Despite all these obvious obstacles, Divel pulled it off. He had one thing in his back pocket that others with a similar idea didn’t. He had volunteered on Nixon’s 1968 campaign and got to know Nixon’s top aides, H. R. Haldeman and John Ehrlichman.
A phone call and a couple of pictures later, the two aides presented it to Nixon, who eyeballed the property himself from a helicopter.
Amazingly, a deal was soon struck. Nixon’s supporters picked up the purchase price for all of Cotton’s Point, some of which was sold to developers to cover the cost of the parcel that became the Western White House.
You would think that having the President here would have turned the town of about 15,000 upside down, but it didn’t, according to those who lived here at the time. Nixon usually arrived in town via helicopter, landing on a Camp Pendleton pad next to his property, just a short walk through a gate to his home.
There was a famous scene when Nixon went into a drugstore on Avenida Del Mar to buy a box of chocolates for his wife, Pat. Daughter Julie bought her daughter’s first pair of baby shoes at Sam’s Shoes and got to know owner Sam Tiberi. One time, Tiberi was working behind the counter and noticed his employees staring at someone.
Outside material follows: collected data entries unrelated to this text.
lemma relay_dims_concat:
  fixes g g' :: "'f relayfun"
  assumes "relay_dims n1 n2 n3 k1 k2 g" and "relay_dims n1' n2' n3' k1' k2' g'"
  shows "relay_dims (n1 + n1') (n2 + n2') (n3 + n3') (k1 + k1') (k2 + k2') (concat_relay n1 n2 k1 k2 g g')"
  unfolding relay_dims_def
proof (intro allI impI, elim conjE)
  fix w1 w2 :: "'f list option list" and es :: "('f list \<times> 'f list) list"
  assume rx1: "\<forall>y\<in>set w1. rx_ok (n1 + n1') y" and rx2: "\<forall>y\<in>set w2. rx_ok (n2 + n2') y"
    and "\<forall>(u, v)\<in>set es. length u = k1 + k1' \<and> length v = k2 + k2'"
  then have es: "length u = k1 + k1' \<and> length v = k2 + k2'" if "(u, v) \<in> set es" for u v
    using that by blast
  obtain x a b where xab: "g (map (map_option (take n1)) w1) (map (map_option (take n2)) w2)
      (map (map_prod (take k1) (take k2)) es) = (x, a, b)"
    by (metis prod_cases3)
  obtain x' a' b' where xab': "g' (map (map_option (drop n1)) w1) (map (map_option (drop n2)) w2)
      (map (map_prod (drop k1) (drop k2)) es) = (x', a', b')"
    by (metis prod_cases3)
  have "length x = n3 \<and> length a = k1 \<and> length b = k2"
    by (rule relay_dimsD[OF assms(1) xab]) (use rx1 rx2 es in \<open>auto intro: rx_ok_take\<close>)
  moreover have "length x' = n3' \<and> length a' = k1' \<and> length b' = k2'"
    by (rule relay_dimsD[OF assms(2) xab']) (use rx1 rx2 es in \<open>auto intro: rx_ok_drop\<close>)
  ultimately show "case concat_relay n1 n2 k1 k2 g g' w1 w2 es of (x, a, b) \<Rightarrow>
      length x = n3 + n3' \<and> length a = k1 + k1' \<and> length b = k2 + k2'"
    by (simp add: concat_relay_def xab xab')
qed

lemma decoder_dims_concat:
  fixes d d' :: "'f decoder"
  assumes "decoder_dims n3 k1 k2 d" and "decoder_dims n3' k1' k2' d'"
  shows "decoder_dims (n3 + n3') (k1 + k1') (k2 + k2') (concat_decoder n3 d d')"
  unfolding decoder_dims_def
proof (intro allI impI)
  fix z :: "'f list option list" assume rx: "\<forall>y\<in>set z. rx_ok (n3 + n3') y"
  obtain a b where ab: "d (map (map_option (take n3)) z) = (a, b)"
    by fastforce
  obtain a' b' where ab': "d' (map (map_option (drop n3)) z) = (a', b')"
    by fastforce
  have "length a = k1 \<and> length b = k2"
    using assms(1)[unfolded decoder_dims_def, rule_format, of "map (map_option (take n3)) z"] rx ab
    by (auto intro: rx_ok_take)
  moreover have "length a' = k1' \<and> length b' = k2'"
    using assms(2)[unfolded decoder_dims_def, rule_format, of "map (map_option (drop n3)) z"] rx ab'
    by (auto intro: rx_ok_drop)
  ultimately show "case concat_decoder n3 d d' z of (a, b) \<Rightarrow> length a = k1 + k1' \<and> length b = k2 + k2'"
    by (simp add: concat_decoder_def ab ab')
qed

lemma streaming_code_concat:
  assumes "streaming_code n1 n2 n3 k1 k2 T C" and "streaming_code n1' n2' n3' k1' k2' T C'"
  shows "streaming_code (n1 + n1') (n2 + n2') (n3 + n3') (k1 + k1') (k2 + k2') T
           (concat_code n1 n2 n3 k1 k2 C C')"
  using assms
  by (cases C; cases C')
     (simp add: streaming_code_iff encoder_dims_concat relay_dims_concat decoder_dims_concat)

lemma relay_hist_length [simp]: "length (relay_hist T g w1 w2 t) = t"
  by (induction t) auto

lemma relay_hist_dims:
  assumes "(x, a, b) \<in> set (relay_hist T g w1 w2 t)" and g: "relay_dims n1 n2 n3 k1 k2 g"
    and rx1: "\<And>t y. y \<in> set (w1 t) \<Longrightarrow> rx_ok n1 y" and rx2: "\<And>t y. y \<in> set (w2 t) \<Longrightarrow> rx_ok n2 y"
  shows "length x = n3 \<and> length a = k1 \<and> length b = k2"
  using assms(1)
proof (induction t arbitrary: x a b)
  case (Suc t)
  let ?es = "map snd (drop T (relay_hist T g w1 w2 t))"
  have es: "\<forall>(u, v)\<in>set ?es. length u = k1 \<and> length v = k2"
    using Suc.IH by (auto dest!: in_set_dropD)
  obtain x' a' b' where new: "g (w1 t) (w2 t) ?es = (x', a', b')"
    by (metis prod_cases3)
  have "length x' = n3 \<and> length a' = k1 \<and> length b' = k2"
    using relay_dimsD[OF g new] rx1 rx2 es by blast
  with Suc new show ?case
    by auto
qed simp

lemma estimates_map2_append3:
  assumes "length H = length H'" and "\<forall>(x, a, b)\<in>set H. length a = k1 \<and> length b = k2"
  shows "map (map_prod (take k1) (take k2)) (map snd (map2 append3 H H')) = map snd H"
    and "map (map_prod (drop k1) (drop k2)) (map snd (map2 append3 H H')) = map snd H'"
  using assms by (induction H H' rule: list_induct2) (auto split: prod.splits)

lemma relay_hist_concat:
  assumes g: "relay_dims n1 n2 n3 k1 k2 g"
    and rx1: "\<And>t y. y \<in> set (w1 t) \<Longrightarrow> rx_ok n1 y" and rx2: "\<And>t y. y \<in> set (w2 t) \<Longrightarrow> rx_ok n2 y"
    and "\<And>t. map (map_option (take n1)) (v1 t) = w1 t" "\<And>t. map (map_option (drop n1)) (v1 t) = w1' t"
    and "\<And>t. map (map_option (take n2)) (v2 t) = w2 t" "\<And>t. map (map_option (drop n2)) (v2 t) = w2' t"
  shows "relay_hist T (concat_relay n1 n2 k1 k2 g g') v1 v2 t =
           map2 append3 (relay_hist T g w1 w2 t) (relay_hist T g' w1' w2' t)"
proof (induction t)
  case (Suc t)
  let ?H = "relay_hist T g w1 w2 t" and ?H' = "relay_hist T g' w1' w2' t"
  have len: "length (drop T ?H) = length (drop T ?H')"
    by simp
  have "length x = n3 \<and> length a = k1 \<and> length b = k2" if "(x, a, b) \<in> set ?H" for x a b
    by (rule relay_hist_dims[OF that g]) (auto intro: rx1 rx2)
  then have "\<forall>(x, a, b)\<in>set (drop T ?H). length a = k1 \<and> length b = k2"
    by (auto dest: in_set_dropD)
  note estimates = estimates_map2_append3[OF len this]
  show ?case
    using Suc.IH assms estimates by (simp add: concat_relay_def drop_map drop_zip)
qed simp

lemma src_packet_length: "encoder_dims k n f \<Longrightarrow> (\<And>t. length (s t) = k) \<Longrightarrow> length (src_packet f s t) = n"
  by (simp add: encoder_dims_def src_packet_def)

lemma src_packet_concat:
  assumes "\<And>t. length (s t) = k"
  shows "src_packet (concat_encoder k f f') (\<lambda>t. s t @ s' t) = (\<lambda>t. src_packet f s t @ src_packet f' s' t)"
  by (simp add: fun_eq_iff src_packet_def concat_encoder_def comp_def assms)

lemma relay_packet_length:
  assumes "streaming_code n1 n2 n3 k1 k2 T C" and "\<And>t. length (s1 t) = k1" "\<And>t. length (s2 t) = k2"
  shows "length (relay_packet T C s1 s2 e1 e2 t) = n3"
proof -
  obtain f1 f2 g d where C: "C = (f1, f2, g, d)"
    by (cases C)
  with assms(1) have "encoder_dims k1 n1 f1" "encoder_dims k2 n2 f2" "relay_dims n1 n2 n3 k1 k2 g"
    by (simp_all add: streaming_code_iff)
  let ?H = "relay_hist T g (window T (channel e1 (src_packet f1 s1))) (window T (channel e2 (src_packet f2 s2))) (Suc t)"
  obtain x a b where xab: "?H ! t = (x, a, b)"
    by (metis prod_cases3)
  then have "(x, a, b) \<in> set ?H"
    by (metis lessI nth_mem relay_hist_length)
  then have "length x = n3"
    by (rule relay_hist_dims[OF _ \<open>relay_dims n1 n2 n3 k1 k2 g\<close>, THEN conjunct1])
       (auto intro: rx_ok_window_channel src_packet_length \<open>encoder_dims k1 n1 f1\<close> \<open>encoder_dims k2 n2 f2\<close> assms(2,3))
  then show ?thesis
    by (simp add: C relay_packet_def xab del: relay_hist.simps)
qed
“I turned around, and Julie was there and said, ‘Hi, Sam. Do you know my dad?’ There was the President of the United States standing there. The next thing he saw was Secret Service agents everywhere,” Sam recalled in a Historical Society oral history video.
Ruth DeNault remembers the time Pat came into her hardware store to buy paint for her kitchen. Another time, a customer walked into the barbershop next to DeNault’s. The barber thought he recognized the man, but couldn’t recall him as a customer.
The man said, “I’m John Mitchell, attorney general of the United States.” The barber told DeNault’s husband; it was all he could do to keep his hands from shaking while giving the haircut.
Times were just simpler then. Of course, it all came crashing down five years later when Nixon resigned amid the Watergate scandal. Nixon wanted to locate his Presidential Library here, but the town wasn’t keen on the traffic it would produce, so it ended up in Yorba Linda.
Ironically, the San Clemente site eventually became the Outlets at San Clemente. In 1980, the Nixons moved to New York City to be near their daughters. The house was bought by Nixon supporter Gavin Herbert of Roger’s Gardens. It is currently for sale.
Tom Marshall is a member of the San Clemente Historical Society and a retired journalist.